Once the line containing "A_def A'_def B_def)" is found in the entries below, restate it and each following line word for word, stopping after the line containing "hist = (\<Sum>x\<in>A.".
+++ INPUT
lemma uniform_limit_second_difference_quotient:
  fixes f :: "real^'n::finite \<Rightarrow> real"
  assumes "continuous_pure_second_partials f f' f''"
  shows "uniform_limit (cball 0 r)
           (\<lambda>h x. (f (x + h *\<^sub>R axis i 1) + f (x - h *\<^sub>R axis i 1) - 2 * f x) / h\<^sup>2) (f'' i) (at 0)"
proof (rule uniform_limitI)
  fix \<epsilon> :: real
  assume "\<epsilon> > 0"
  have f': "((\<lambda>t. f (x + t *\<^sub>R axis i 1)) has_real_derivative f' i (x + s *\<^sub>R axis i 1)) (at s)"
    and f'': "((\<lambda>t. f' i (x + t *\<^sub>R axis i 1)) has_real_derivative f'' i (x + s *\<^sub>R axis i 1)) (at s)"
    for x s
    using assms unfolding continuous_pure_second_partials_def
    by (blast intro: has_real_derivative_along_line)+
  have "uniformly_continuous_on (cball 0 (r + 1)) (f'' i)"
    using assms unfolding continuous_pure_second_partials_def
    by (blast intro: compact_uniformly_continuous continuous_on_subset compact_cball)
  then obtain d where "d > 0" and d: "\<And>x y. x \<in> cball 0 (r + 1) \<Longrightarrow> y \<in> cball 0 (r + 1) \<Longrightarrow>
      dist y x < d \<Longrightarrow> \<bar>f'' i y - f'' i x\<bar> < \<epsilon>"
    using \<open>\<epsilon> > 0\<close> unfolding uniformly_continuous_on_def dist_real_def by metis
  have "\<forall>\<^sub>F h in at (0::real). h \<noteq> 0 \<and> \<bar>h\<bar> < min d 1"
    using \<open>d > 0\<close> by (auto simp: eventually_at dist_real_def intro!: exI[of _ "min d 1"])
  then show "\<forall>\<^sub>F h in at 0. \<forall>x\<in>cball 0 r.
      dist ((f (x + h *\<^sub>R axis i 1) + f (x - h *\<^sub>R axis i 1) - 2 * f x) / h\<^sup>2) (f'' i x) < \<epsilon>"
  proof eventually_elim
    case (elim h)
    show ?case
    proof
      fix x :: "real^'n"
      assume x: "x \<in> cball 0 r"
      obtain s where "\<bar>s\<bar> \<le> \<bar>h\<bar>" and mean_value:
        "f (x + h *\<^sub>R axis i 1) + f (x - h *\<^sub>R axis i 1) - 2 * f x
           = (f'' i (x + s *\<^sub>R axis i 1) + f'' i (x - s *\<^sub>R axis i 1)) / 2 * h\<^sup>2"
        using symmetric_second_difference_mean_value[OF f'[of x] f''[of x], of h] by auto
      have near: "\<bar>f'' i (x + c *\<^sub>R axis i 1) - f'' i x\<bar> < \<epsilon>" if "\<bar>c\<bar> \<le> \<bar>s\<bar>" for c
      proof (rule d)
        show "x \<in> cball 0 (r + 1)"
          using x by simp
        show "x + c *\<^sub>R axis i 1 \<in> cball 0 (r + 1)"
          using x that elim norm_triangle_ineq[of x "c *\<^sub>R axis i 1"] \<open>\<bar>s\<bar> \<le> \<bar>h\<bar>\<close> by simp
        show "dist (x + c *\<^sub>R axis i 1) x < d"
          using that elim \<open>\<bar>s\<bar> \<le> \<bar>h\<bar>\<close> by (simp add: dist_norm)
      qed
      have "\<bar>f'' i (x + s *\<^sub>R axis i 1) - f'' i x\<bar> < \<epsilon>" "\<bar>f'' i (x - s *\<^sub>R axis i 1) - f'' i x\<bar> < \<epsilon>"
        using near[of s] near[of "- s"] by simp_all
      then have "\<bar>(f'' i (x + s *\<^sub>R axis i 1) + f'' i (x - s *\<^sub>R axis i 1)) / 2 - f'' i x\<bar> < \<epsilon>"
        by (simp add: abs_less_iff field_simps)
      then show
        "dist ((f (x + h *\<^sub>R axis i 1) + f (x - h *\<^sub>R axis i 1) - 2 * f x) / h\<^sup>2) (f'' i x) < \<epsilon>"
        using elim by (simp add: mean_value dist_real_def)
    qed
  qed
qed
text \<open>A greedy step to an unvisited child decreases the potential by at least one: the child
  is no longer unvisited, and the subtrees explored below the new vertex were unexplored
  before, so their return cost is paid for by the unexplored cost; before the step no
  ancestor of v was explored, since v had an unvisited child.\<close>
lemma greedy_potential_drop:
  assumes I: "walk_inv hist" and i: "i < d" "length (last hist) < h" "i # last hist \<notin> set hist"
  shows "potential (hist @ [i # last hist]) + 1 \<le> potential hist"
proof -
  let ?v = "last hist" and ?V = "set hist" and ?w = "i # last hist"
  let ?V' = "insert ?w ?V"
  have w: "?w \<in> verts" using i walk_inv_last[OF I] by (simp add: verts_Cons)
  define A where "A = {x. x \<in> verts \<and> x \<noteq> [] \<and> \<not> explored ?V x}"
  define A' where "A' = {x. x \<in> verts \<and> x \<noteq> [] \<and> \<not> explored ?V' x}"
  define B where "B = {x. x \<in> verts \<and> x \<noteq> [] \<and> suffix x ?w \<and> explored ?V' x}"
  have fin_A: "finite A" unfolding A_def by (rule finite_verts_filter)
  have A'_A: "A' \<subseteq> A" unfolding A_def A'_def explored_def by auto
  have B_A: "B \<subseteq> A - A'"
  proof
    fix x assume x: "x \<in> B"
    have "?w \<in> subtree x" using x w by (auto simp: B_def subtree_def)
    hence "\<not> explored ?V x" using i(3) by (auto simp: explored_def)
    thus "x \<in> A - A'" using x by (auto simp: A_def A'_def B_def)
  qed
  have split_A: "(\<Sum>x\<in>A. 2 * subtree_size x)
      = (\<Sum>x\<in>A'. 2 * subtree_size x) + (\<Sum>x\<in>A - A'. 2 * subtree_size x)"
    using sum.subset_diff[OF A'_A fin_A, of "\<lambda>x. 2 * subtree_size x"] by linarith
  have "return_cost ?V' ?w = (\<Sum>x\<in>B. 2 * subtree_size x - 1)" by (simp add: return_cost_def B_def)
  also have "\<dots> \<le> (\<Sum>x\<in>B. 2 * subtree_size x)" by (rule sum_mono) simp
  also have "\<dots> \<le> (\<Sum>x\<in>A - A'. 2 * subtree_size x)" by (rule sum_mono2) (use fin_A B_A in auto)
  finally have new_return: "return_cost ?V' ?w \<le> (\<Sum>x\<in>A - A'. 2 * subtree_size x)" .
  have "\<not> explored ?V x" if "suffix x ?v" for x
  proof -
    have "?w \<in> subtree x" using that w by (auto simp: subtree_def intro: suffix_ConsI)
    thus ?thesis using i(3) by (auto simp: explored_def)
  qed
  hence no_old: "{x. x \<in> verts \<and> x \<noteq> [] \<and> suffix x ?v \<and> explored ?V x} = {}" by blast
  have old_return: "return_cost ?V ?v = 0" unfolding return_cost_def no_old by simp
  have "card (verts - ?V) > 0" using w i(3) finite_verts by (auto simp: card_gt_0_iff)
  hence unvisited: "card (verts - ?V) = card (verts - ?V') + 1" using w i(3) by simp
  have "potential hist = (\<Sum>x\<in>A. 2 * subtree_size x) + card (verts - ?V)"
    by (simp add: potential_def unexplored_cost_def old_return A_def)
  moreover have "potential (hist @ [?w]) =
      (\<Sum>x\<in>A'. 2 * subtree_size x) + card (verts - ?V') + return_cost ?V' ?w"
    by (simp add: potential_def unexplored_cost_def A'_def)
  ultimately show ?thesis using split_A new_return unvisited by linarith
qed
++++++
+++ INPUT
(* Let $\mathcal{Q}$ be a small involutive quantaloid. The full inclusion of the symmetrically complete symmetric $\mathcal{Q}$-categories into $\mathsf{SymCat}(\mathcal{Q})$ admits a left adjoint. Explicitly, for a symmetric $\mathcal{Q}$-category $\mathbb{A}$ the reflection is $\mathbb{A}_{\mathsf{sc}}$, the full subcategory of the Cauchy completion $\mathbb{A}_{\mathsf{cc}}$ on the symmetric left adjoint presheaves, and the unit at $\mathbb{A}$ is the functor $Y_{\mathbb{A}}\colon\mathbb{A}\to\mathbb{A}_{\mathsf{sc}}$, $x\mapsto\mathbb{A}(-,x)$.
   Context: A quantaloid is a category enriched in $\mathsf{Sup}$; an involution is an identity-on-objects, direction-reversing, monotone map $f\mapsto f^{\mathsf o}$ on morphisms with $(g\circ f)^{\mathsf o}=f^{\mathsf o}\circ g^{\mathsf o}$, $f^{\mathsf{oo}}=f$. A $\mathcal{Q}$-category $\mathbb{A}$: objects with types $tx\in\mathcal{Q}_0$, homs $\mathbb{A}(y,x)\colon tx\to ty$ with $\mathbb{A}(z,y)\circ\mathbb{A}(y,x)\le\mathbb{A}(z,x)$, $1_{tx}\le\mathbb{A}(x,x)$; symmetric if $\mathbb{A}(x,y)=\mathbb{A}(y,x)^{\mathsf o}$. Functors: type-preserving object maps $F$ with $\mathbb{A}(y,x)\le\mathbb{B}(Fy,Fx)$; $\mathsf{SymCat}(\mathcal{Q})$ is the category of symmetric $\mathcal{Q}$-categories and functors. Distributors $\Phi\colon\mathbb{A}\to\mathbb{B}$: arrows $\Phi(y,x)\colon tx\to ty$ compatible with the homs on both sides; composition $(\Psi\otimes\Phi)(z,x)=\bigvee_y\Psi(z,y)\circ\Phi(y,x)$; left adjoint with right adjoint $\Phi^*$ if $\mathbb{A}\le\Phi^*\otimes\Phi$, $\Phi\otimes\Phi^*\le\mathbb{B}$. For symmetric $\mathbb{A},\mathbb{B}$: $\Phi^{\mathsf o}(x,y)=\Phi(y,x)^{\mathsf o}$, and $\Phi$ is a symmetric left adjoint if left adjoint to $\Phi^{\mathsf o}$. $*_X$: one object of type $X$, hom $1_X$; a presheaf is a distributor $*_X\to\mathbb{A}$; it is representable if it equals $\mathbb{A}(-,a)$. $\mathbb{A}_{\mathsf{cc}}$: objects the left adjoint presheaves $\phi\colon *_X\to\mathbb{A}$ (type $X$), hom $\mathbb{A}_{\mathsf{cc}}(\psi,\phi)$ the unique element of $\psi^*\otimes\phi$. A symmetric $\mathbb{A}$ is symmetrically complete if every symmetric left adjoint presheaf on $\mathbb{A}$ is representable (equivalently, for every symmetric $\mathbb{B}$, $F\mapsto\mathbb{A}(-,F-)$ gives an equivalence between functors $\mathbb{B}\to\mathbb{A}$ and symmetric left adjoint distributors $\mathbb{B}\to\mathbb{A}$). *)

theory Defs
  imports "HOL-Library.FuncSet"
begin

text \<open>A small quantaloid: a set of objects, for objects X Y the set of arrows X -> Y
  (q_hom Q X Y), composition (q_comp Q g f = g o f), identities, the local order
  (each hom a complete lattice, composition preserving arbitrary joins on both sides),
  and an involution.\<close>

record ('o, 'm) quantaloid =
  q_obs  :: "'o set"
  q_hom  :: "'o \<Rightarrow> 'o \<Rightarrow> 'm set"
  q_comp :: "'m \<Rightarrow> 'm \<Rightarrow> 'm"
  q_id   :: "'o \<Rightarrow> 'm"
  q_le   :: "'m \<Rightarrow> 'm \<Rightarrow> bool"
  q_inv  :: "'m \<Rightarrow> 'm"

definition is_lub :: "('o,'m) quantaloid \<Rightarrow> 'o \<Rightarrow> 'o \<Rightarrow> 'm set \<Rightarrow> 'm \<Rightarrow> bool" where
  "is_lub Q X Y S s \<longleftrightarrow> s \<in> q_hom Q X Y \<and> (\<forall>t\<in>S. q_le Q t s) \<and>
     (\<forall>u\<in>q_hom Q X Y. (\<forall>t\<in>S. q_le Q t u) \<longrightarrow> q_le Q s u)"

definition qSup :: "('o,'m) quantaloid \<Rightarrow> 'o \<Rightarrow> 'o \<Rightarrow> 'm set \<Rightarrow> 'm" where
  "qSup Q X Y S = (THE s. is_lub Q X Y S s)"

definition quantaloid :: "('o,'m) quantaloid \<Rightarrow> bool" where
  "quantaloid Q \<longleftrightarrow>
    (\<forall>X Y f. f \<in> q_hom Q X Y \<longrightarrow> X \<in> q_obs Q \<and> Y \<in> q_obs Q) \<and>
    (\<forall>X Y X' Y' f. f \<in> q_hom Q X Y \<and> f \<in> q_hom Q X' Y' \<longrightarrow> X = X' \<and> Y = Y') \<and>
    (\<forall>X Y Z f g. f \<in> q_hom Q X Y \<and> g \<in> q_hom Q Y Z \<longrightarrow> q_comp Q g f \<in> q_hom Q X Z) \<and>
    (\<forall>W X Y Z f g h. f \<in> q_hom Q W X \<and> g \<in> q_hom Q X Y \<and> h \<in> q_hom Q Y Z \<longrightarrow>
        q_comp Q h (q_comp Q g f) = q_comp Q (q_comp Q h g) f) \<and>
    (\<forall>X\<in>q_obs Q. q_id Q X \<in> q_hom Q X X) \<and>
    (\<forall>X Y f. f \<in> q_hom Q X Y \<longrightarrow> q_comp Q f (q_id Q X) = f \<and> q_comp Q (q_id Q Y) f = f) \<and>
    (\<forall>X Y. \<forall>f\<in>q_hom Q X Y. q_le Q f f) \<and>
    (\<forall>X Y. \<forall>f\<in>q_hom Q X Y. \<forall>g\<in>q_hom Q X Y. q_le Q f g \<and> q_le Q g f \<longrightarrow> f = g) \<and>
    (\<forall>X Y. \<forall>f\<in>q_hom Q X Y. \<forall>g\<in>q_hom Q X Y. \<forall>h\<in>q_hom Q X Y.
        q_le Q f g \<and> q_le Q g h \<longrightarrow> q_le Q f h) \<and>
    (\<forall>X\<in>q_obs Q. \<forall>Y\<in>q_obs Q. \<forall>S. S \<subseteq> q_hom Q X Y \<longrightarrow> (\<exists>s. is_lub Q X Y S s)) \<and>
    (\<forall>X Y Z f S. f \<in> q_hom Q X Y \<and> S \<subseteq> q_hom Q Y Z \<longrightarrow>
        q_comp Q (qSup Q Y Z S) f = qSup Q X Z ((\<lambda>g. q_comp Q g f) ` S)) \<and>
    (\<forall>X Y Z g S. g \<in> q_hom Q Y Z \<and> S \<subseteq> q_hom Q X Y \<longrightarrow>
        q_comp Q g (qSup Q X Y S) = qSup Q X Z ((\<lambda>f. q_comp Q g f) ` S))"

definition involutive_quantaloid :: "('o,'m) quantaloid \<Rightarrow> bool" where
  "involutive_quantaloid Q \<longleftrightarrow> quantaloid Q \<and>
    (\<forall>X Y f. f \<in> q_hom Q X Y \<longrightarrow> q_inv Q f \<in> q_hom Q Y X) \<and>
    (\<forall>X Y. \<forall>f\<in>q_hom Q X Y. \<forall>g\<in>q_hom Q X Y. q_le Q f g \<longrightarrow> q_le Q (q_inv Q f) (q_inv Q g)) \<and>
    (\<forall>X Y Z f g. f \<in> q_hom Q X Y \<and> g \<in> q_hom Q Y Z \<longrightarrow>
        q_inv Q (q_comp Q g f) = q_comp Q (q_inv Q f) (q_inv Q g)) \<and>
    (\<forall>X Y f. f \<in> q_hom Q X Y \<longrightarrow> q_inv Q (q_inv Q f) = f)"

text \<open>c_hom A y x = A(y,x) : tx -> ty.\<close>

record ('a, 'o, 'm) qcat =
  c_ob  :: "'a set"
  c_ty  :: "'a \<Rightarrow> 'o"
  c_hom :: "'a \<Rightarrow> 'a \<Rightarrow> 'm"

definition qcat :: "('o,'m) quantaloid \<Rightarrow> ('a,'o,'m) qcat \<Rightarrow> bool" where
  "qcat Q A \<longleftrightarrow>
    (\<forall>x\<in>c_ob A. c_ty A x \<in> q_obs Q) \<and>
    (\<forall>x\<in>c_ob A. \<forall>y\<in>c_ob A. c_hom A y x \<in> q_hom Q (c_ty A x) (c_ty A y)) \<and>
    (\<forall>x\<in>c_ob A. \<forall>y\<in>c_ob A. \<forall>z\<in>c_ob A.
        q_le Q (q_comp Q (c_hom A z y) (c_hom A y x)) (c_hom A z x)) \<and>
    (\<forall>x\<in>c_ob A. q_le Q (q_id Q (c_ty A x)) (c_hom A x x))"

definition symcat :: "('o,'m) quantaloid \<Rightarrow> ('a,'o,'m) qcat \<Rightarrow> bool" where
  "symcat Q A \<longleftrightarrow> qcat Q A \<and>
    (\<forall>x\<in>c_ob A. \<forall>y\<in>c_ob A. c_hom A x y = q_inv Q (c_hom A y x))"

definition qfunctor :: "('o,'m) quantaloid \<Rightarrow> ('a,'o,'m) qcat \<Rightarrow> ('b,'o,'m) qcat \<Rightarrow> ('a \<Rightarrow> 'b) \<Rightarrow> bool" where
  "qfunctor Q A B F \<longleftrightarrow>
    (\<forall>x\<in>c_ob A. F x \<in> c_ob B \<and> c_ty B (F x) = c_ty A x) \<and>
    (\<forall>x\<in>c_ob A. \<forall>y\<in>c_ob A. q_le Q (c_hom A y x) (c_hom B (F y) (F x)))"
++++++
# [RESPONSE TO THIS EXERCISE]
    thus "x \<in> A - A'" using x by (auto simp: A_def A'_def B_def)
  qed
  have split_A: "(\<Sum>x\<in>A. 2 * subtree_size x)
      = (\<Sum>x\<in>A'. 2 * subtree_size x) + (\<Sum>x\<in>A - A'. 2 * subtree_size x)"
    using sum.subset_diff[OF A'_A fin_A, of "\<lambda>x. 2 * subtree_size x"] by linarith
  have "return_cost ?V' ?w = (\<Sum>x\<in>B. 2 * subtree_size x - 1)" by (simp add: return_cost_def B_def)
  also have "\<dots> \<le> (\<Sum>x\<in>B. 2 * subtree_size x)" by (rule sum_mono) simp
  also have "\<dots> \<le> (\<Sum>x\<in>A - A'. 2 * subtree_size x)" by (rule sum_mono2) (use fin_A B_A in auto)
  finally have new_return: "return_cost ?V' ?w \<le> (\<Sum>x\<in>A - A'. 2 * subtree_size x)" .
  have "\<not> explored ?V x" if "suffix x ?v" for x
  proof -
    have "?w \<in> subtree x" using that w by (auto simp: subtree_def intro: suffix_ConsI)
    thus ?thesis using i(3) by (auto simp: explored_def)
  qed
  hence no_old: "{x. x \<in> verts \<and> x \<noteq> [] \<and> suffix x ?v \<and> explored ?V x} = {}" by blast
  have old_return: "return_cost ?V ?v = 0" unfolding return_cost_def no_old by simp
  have "card (verts - ?V) > 0" using w i(3) finite_verts by (auto simp: card_gt_0_iff)
  hence unvisited: "card (verts - ?V) = card (verts - ?V') + 1" using w i(3) by simp
  have "potential hist = (\<Sum>x\<in>A. 2 * subtree_size x) + card (verts - ?V)"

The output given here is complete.